Les conservateurs de Stephen Harper se servent du débat sur la création d’une taxe mondiale sur les banques pour nous faire oublier leur piètre bilan en ce qui concerne la réglementation des banques et l’isolement complet du Canada sur les questions de la santé maternelle et du changement climatique. C’est ce qu’a déclaré aujourd’hui John McCallum, le porte-parole libéral responsable des finances.
« L’élan créé par la taxe mondiale sur les banques ralentit déjà, a déclaré M. McCallum. L’effort que déploient actuellement les conservateurs n’est qu’une autre manœuvre de diversion. Les conservateurs se félicitent d’avoir réglé une question qui a déjà été réglée. »
Le communiqué de presse final qui a suivi la réunion des ministres des Finances du G7 tenue récemment ne mentionnait même pas la taxe mondiale sur les banques, ce qui fait ressortir un consensus grandissant quant à l’inutilité d’une telle mesure.
« Il est ironique de constater que l’idée de la taxe mondiale sur les banques découlait des mêmes inefficaces réglementations sur les banques que Stephen Harper appuyait lorsqu’il était dans l’opposition, a déclaré M. McCallum. Heureusement, Jean Chrétien et Paul Martin n’ont pas écouté M. Harper et ont établi des réglementations rigoureuses qui ont mis le Canada à l’abri des pires effets de la récession économique mondiale. »

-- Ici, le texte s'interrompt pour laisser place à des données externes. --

lemma lambda_shift:
  "real_of_int (l + int (k * (v - 2))) * real v * (real v - 1) / 6
     = real_of_int l * real v * (real v - 1) / 6 + real (k * (v choose 3))"
proof (cases "v < 2")
  case True
  then have "v = 0 \<or> v = 1" by auto
  then show ?thesis by auto
next
  case False
  then show ?thesis
    by (simp add: real_choose_three field_simps)
qed

lemma assoc_pair_plus_triples:
  assumes "assoc_pair v b l e"
  shows "assoc_pair v (b + k * (v choose 3)) (l + int (k * (v - 2))) e"
proof -
  define c d where "c = int (k * (v choose 3))" and "d = int (k * (v - 2))"
  have "3 * (k * (v choose 3)) = k * (v - 2) * (v choose 2)"
    using three_mult_choose_three[of v] by (simp add: ac_simps)
  then have "int (3 * (k * (v choose 3))) = int (k * (v - 2) * (v choose 2))"
    by (rule arg_cong)
  then have "3 * c = d * int (v choose 2)"
    unfolding c_def d_def by (simp only: of_nat_mult of_nat_numeral)
  with assms show ?thesis
    unfolding assoc_pair_def of_nat_add c_def[symmetric] d_def[symmetric]
    by (simp add: algebra_simps)
qed

lemma C1_plus_triples:
  assumes "C1 v b l"
  shows "C1 v (b + k * (v choose 3)) (l + int (k * (v - 2)))"
proof -
  have mod3: "(l + int (k * (v - 2))) mod 3 = l mod 3" if "v mod 6 = 5"
  proof -
    from that have "3 dvd v - 2"
      by presburger
    then obtain m where "k * (v - 2) = 3 * m"
      by (metis dvd_mult dvd_def)
    then show ?thesis
      by simp
  qed
  have mod6: "(l + int (k * (v - 2))) mod 6 = l mod 6" if "v mod 6 = 2"
  proof -
    from that have "6 dvd v - 2"
      by presburger
    then obtain m where "k * (v - 2) = 6 * m"
      by (metis dvd_mult dvd_def)
    then show ?thesis
      by simp
  qed
  define n where "n = k * (v choose 3)"
  have "\<lfloor>x + real n\<rfloor> = \<lfloor>x\<rfloor> + int n" and "\<lceil>x + real n\<rceil> = \<lceil>x\<rceil> + int n" for x :: real
    using floor_add_int[of x "int n"] ceiling_add_of_int[of x "int n"] by simp_all
  with assms mod3 mod6 show ?thesis
    unfolding C1_def lambda_shift of_nat_add n_def[symmetric] by auto
qed

lemma C2_plus_triples:
  assumes "C2 v b l"
  shows "C2 v (b + k * (v choose 3)) (l + int (k * (v - 2)))"
  using assms unfolding C2_def lambda_shift by auto

lemma NWBTS_plus_triples:
  assumes "NWBTS V F"
  shows "NWBTS V (F + repeat_mset k (triples V))"
proof -
  let ?F = "F + repeat_mset k (triples V)"
  obtain l e where pair: "assoc_pair (card V) (size F) l e"
    and cond: "C1 (card V) (size F) l \<and> nearly_2bal_C1 V F l e \<or>
               C2 (card V) (size F) l \<and> nearly_2bal_C2 V F l e"
    using assms by (auto simp: NWBTS_def)
  have TS: "TS V F" and fin: "finite V" and bal: "j_balanced 3 V F"
    using assms by (auto simp: NWBTS_def TS_def)
  define l' where "l' = l + int (k * (card V - 2))"
  have size: "size ?F = size F + k * (card V choose 3)"
    using fin by (simp add: size_triples)
  have "\<forall>x\<in>V. \<forall>y\<in>V. x \<noteq> y \<longrightarrow> defect ?F l' x y = defect F l x y"
    using defect_plus_triples[OF fin] unfolding l'_def by blast
  then have "nearly_2bal_C1 V ?F l' e = nearly_2bal_C1 V F l e"
    and "nearly_2bal_C2 V ?F l' e = nearly_2bal_C2 V F l e"
    by (rule nearly_2bal_C1_cong, rule nearly_2bal_C2_cong)
  with cond have "C1 (card V) (size ?F) l' \<and> nearly_2bal_C1 V ?F l' e \<or>
                  C2 (card V) (size ?F) l' \<and> nearly_2bal_C2 V ?F l' e"
    unfolding size l'_def using C1_plus_triples C2_plus_triples by blast
  moreover have "assoc_pair (card V) (size ?F) l' e"
    unfolding size l'_def using pair by (rule assoc_pair_plus_triples)
  ultimately show ?thesis
    unfolding NWBTS_def using TS_plus_triples[OF TS] bal fin
    by (auto simp: j_balanced_3_plus_triples)
qed

lemma lam_mset_map_set: "lam (mset (map set L)) S = length (filter (\<lambda>t. S \<subseteq> set t) L)"
  unfolding lam_def by (induction L) auto

lemma j_balanced_3_if_simple:
  assumes "\<forall>B\<in>#F. card B = 3" and "\<forall>B. count F B \<le> 1"
  shows "j_balanced 3 V F"
proof -
  have at_most_one: "lam F S \<le> 1" if "card S = 3" for S
  proof -
    have "filter_mset (\<lambda>B. S \<subseteq> B) F = filter_mset (\<lambda>B. B = S) F"
    proof (rule filter_mset_cong[OF refl])
      fix B assume "B \<in># F"
      with assms(1) that show "S \<subseteq> B \<longleftrightarrow> B = S"
        using card_subset_eq[of B S] card_ge_0_finite[of B] by auto
    qed
    then have "lam F S = count F S"
      by (simp add: lam_def filter_eq_replicate_mset)
    with assms(2) show ?thesis
      by simp
  qed
  show ?thesis
    unfolding j_balanced_def
  proof (intro allI impI)
    fix S T :: "'a set" assume "card S = 3" "card T = 3"
    with at_most_one[of S] at_most_one[of T] show "\<bar>int (lam F S) - int (lam F T)\<bar> \<le> 1"
      by arith
  qed
qed

definition simple_block_list :: "nat \<Rightarrow> nat list list \<Rightarrow> bool" where
  "simple_block_list v L \<longleftrightarrow> distinct (map set L) \<and>
     (\<forall>t\<in>set L. length t = 3 \<and> distinct t \<and> (\<forall>x\<in>set t. x < v))"

definition has_defect_graph :: "nat list list \<Rightarrow> nat \<Rightarrow> int \<Rightarrow> (nat \<Rightarrow> nat \<Rightarrow> int) \<Rightarrow> bool" where
  "has_defect_graph L v l g \<longleftrightarrow> (\<forall>x\<in>set [0..<v]. \<forall>y\<in>set [0..<v]. x \<noteq> y \<longrightarrow>
     int (length (filter (\<lambda>t. {x, y} \<subseteq> set t) L)) - l = g x y \<and> g x y \<in> {-1, 0, 1})"

lemma simple_block_listD:
  assumes "simple_block_list v L" and "3 \<le> v"
  shows "TS {..<v} (mset (map set L))"
    and "j_balanced 3 {..<v} (mset (map set L))"
proof -
  have blocks: "\<forall>B\<in>#mset (map set L). B \<subseteq> {..<v} \<and> card B = 3"
    using assms(1) by (auto simp: simple_block_list_def distinct_card)
  with assms(2) show "TS {..<v} (mset (map set L))"
    by (simp add: TS_def)
  have "\<forall>B. count (mset (map set L)) B \<le> 1"
    using assms(1) by (simp add: simple_block_list_def distinct_count_atmost_1)
  with blocks show "j_balanced 3 {..<v} (mset (map set L))"
    by (simp add: j_balanced_3_if_simple)
qed

lemma has_defect_graphD:
  assumes "has_defect_graph L v l g"
  shows "pairs_near {..<v} (mset (map set L)) l"
    and "lab_iso {..<v} (defect (mset (map set L)) l) {..<v} g"
proof -
  have agree: "\<forall>x\<in>{..<v}. \<forall>y\<in>{..<v}. x \<noteq> y \<longrightarrow>
      defect (mset (map set L)) l x y = g x y \<and> g x y \<in> {-1, 0, 1}"
    using assms unfolding has_defect_graph_def defect_def lam_mset_map_set set_upt lessThan_atLeast0
    by simp
  then show "pairs_near {..<v} (mset (map set L)) l"
    by (simp add: pairs_near_iff_defect)
  from agree have "lab_iso {..<v} (defect (mset (map set L)) l) {..<v} g \<longleftrightarrow>
      lab_iso {..<v} g {..<v} g"
    by (intro lab_iso_cong) blast
  moreover have "lab_iso {..<v} g {..<v} g"
    unfolding lab_iso_def by (rule exI[of _ id]) simp
  ultimately show "lab_iso {..<v} (defect (mset (map set L)) l) {..<v} g"
    by blast
qed

lemma NWBTS_block_list_C1:
  assumes "simple_block_list v L" "3 \<le> v" "has_defect_graph L v l (Gmod e)"
    and "assoc_pair v (length L) l e" "C1 v (length L) l" "e \<in> {-2, -1, 1, 2}"
  shows "NWBTS {..<v} (mset (map set L))"
  using assms simple_block_listD[OF assms(1,2)] has_defect_graphD[OF assms(3)]
  by (auto simp: NWBTS_def nearly_2bal_C1_def)

lemma NWBTS_block_list_C2:
  assumes "simple_block_list v L" "3 \<le> v" "has_defect_graph L v l g"
    and "assoc_pair v (length L) l e" "C2 v (length L) l"
    and "if e mod 2 = int (v div 2) mod 2 then g = H0 v e
         else (int v - 6 + 2 * e \<ge> 0 \<and> int v - 2 - 2 * e \<ge> 0 \<and> g = H1 v e)
            \<or> (int v - 2 + 2 * e \<ge> 0 \<and> int v - 6 - 2 * e \<ge> 0 \<and> g = H2 v e)"
  shows "NWBTS {..<v} (mset (map set L))"
  using assms simple_block_listD[OF assms(1,2)] has_defect_graphD[OF assms(3)]
  by (auto simp: NWBTS_def nearly_2bal_C2_def Let_def split: if_splits)

definition blocks9 :: "nat list list" where
  "blocks9 = [[0,1,2],[0,1,4],[0,2,6],[0,5,7],[1,3,7],[1,5,6],[2,3,5],[2,4,7],[3,4,6]]"

lemma NWBTS_blocks9: "NWBTS {..<8} (mset (map set blocks9))"
proof (rule NWBTS_block_list_C2[where l = 1 and e = "-1" and g = "H1 8 (-1)"])
  show "simple_block_list 8 blocks9" by code_simp
  show "has_defect_graph blocks9 8 1 (H1 8 (-1))" by code_simp
qed (simp_all add: blocks9_def assoc_pair_def choose_two C2_def)

definition blocks10 :: "nat list list" where
  "blocks10 = [[0,1,2],[0,1,3],[0,4,6],[0,5,7],[1,4,7],[1,5,6],[2,3,6],[2,3,7],[2,4,5],[3,4,5]]"

lemma NWBTS_blocks10: "NWBTS {..<8} (mset (map set blocks10))"
proof (rule NWBTS_block_list_C2[where l = 1 and e = 2 and g = "H0 8 2"])
  show "simple_block_list 8 blocks10" by code_simp
  show "has_defect_graph blocks10 8 1 (H0 8 2)" by code_simp
qed (simp_all add: blocks10_def assoc_pair_def choose_two C2_def)

definition blocks18 :: "nat list list" where
  "blocks18 = [[0,1,2],[0,2,3],[0,3,4],[0,3,5],[0,4,6],[0,5,7],[0,6,7],[1,3,6],[1,3,7],[1,4,5],[1,4,6],[1,5,7],[2,4,5],[2,4,7],[2,5,6],[2,6,7],[3,4,7],[3,5,6]]"

lemma NWBTS_blocks18: "NWBTS {..<8} (mset (map set blocks18))"
proof (rule NWBTS_block_list_C1[where l = 2 and e = "-2"])
  show "simple_block_list 8 blocks18" by code_simp
  show "has_defect_graph blocks18 8 2 (Gmod (-2))" by code_simp
qed (simp_all add: blocks18_def assoc_pair_def choose_two C1_def)

definition blocks19 :: "nat list list" where
  "blocks19 = [[0,1,2],[0,1,3],[0,1,4],[0,3,4],[0,5,6],[0,5,7],[0,6,7],[1,2,5],[1,2,6],[1,3,5],[1,4,7],[1,6,7],[2,3,6],[2,3,7],[2,4,5],[2,4,7],[3,4,6],[3,5,7],[4,5,6]]"

lemma NWBTS_blocks19: "NWBTS {..<8} (mset (map set blocks19))"
proof (rule NWBTS_block_list_C1[where l = 2 and e = 1])
  show "simple_block_list 8 blocks19" by code_simp
  show "has_defect_graph blocks19 8 2 (Gmod (1))" by code_simp
qed (simp_all add: blocks19_def assoc_pair_def choose_two C1_def)

definition blocks27 :: "nat list list" where
  "blocks27 = [[0,1,2],[0,1,3],[0,1,4],[0,1,5],[0,2,3],[0,4,6],[0,4,7],[0,5,6],[0,5,7],[0,6,7],[1,2,4],[1,2,6],[1,3,5],[1,3,7],[1,4,6],[1,5,7],[1,6,7],[2,3,6],[2,3,7],[2,4,5],[2,4,7],[2,5,6],[2,5,7],[3,4,5],[3,4,6],[3,4,7],[3,5,6]]"

lemma NWBTS_blocks27: "NWBTS {..<8} (mset (map set blocks27))"
proof (rule NWBTS_block_list_C2[where l = 3 and e = "-3" and g = "H2 8 (-3)"])
  show "simple_block_list 8 blocks27" by code_simp
  show "has_defect_graph blocks27 8 3 (H2 8 (-3))" by code_simp
qed (simp_all add: blocks27_def assoc_pair_def choose_two C2_def)

definition blocks28 :: "nat list list" where
  "blocks28 = [[0,1,2],[0,1,3],[0,1,4],[0,1,5],[0,2,3],[0,2,4],[0,3,6],[0,4,7],[0,5,6],[0,5,7],[0,6,7],[1,2,3],[1,2,6],[1,3,7],[1,4,5],[1,4,6],[1,5,7],[1,6,7],[2,3,5],[2,3,7],[2,4,6],[2,4,7],[2,5,6],[2,5,7],[3,4,5],[3,4,6],[3,4,7],[3,5,6]]"

lemma NWBTS_blocks28: "NWBTS {..<8} (mset (map set blocks28))"
proof (rule NWBTS_block_list_C2[where l = 3 and e = 0 and g = "H0 8 0"])
  show "simple_block_list 8 blocks28" by code_simp
  show "has_defect_graph blocks28 8 3 (H0 8 0)" by code_simp
qed (simp_all add: blocks28_def assoc_pair_def choose_two C2_def)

Dans une entrevue accordée au National Post en 2002, Stephen Harper a accusé Jean Chrétien de n’avoir pas été en mesure « d’adapter la réglementation bancaire aux besoins et aux défis auxquels font face un secteur financier de moins en moins national et de plus en plus mondial ».
« Contrairement à Stephen Harper, le Parti libéral avait déjà compris, avant la crise financière, qu’une réglementation plus stricte s’imposait – et surtout que les banques avaient besoin de se constituer du capital – comme les banques canadiennes l’avaient fait au cours des 15 années précédentes », a déclaré M. McCallum
« Non seulement les conservateurs tentent-ils de s’attribuer le mérite qui revient pourtant aux libéraux relativement à la réglementation bancaire, à laquelle ils s’étaient d’ailleurs opposés, mais ils tentent de détourner l’attention du fait que mondialement, ils font cavalier seul en ce qui touche la santé maternelle et les changements climatiques », a conclu M. McCallum.
Hier, lors d’une activité scénarisée où les questions provenant des jeunes étaient l’objet de censure de la part du cabinet du Premier ministre, M. Harper a répondu aux questions, pourtant pertinentes, en accusant les médias de s’attarder aux questions secondaires comme la santé maternelle et les changements climatiques.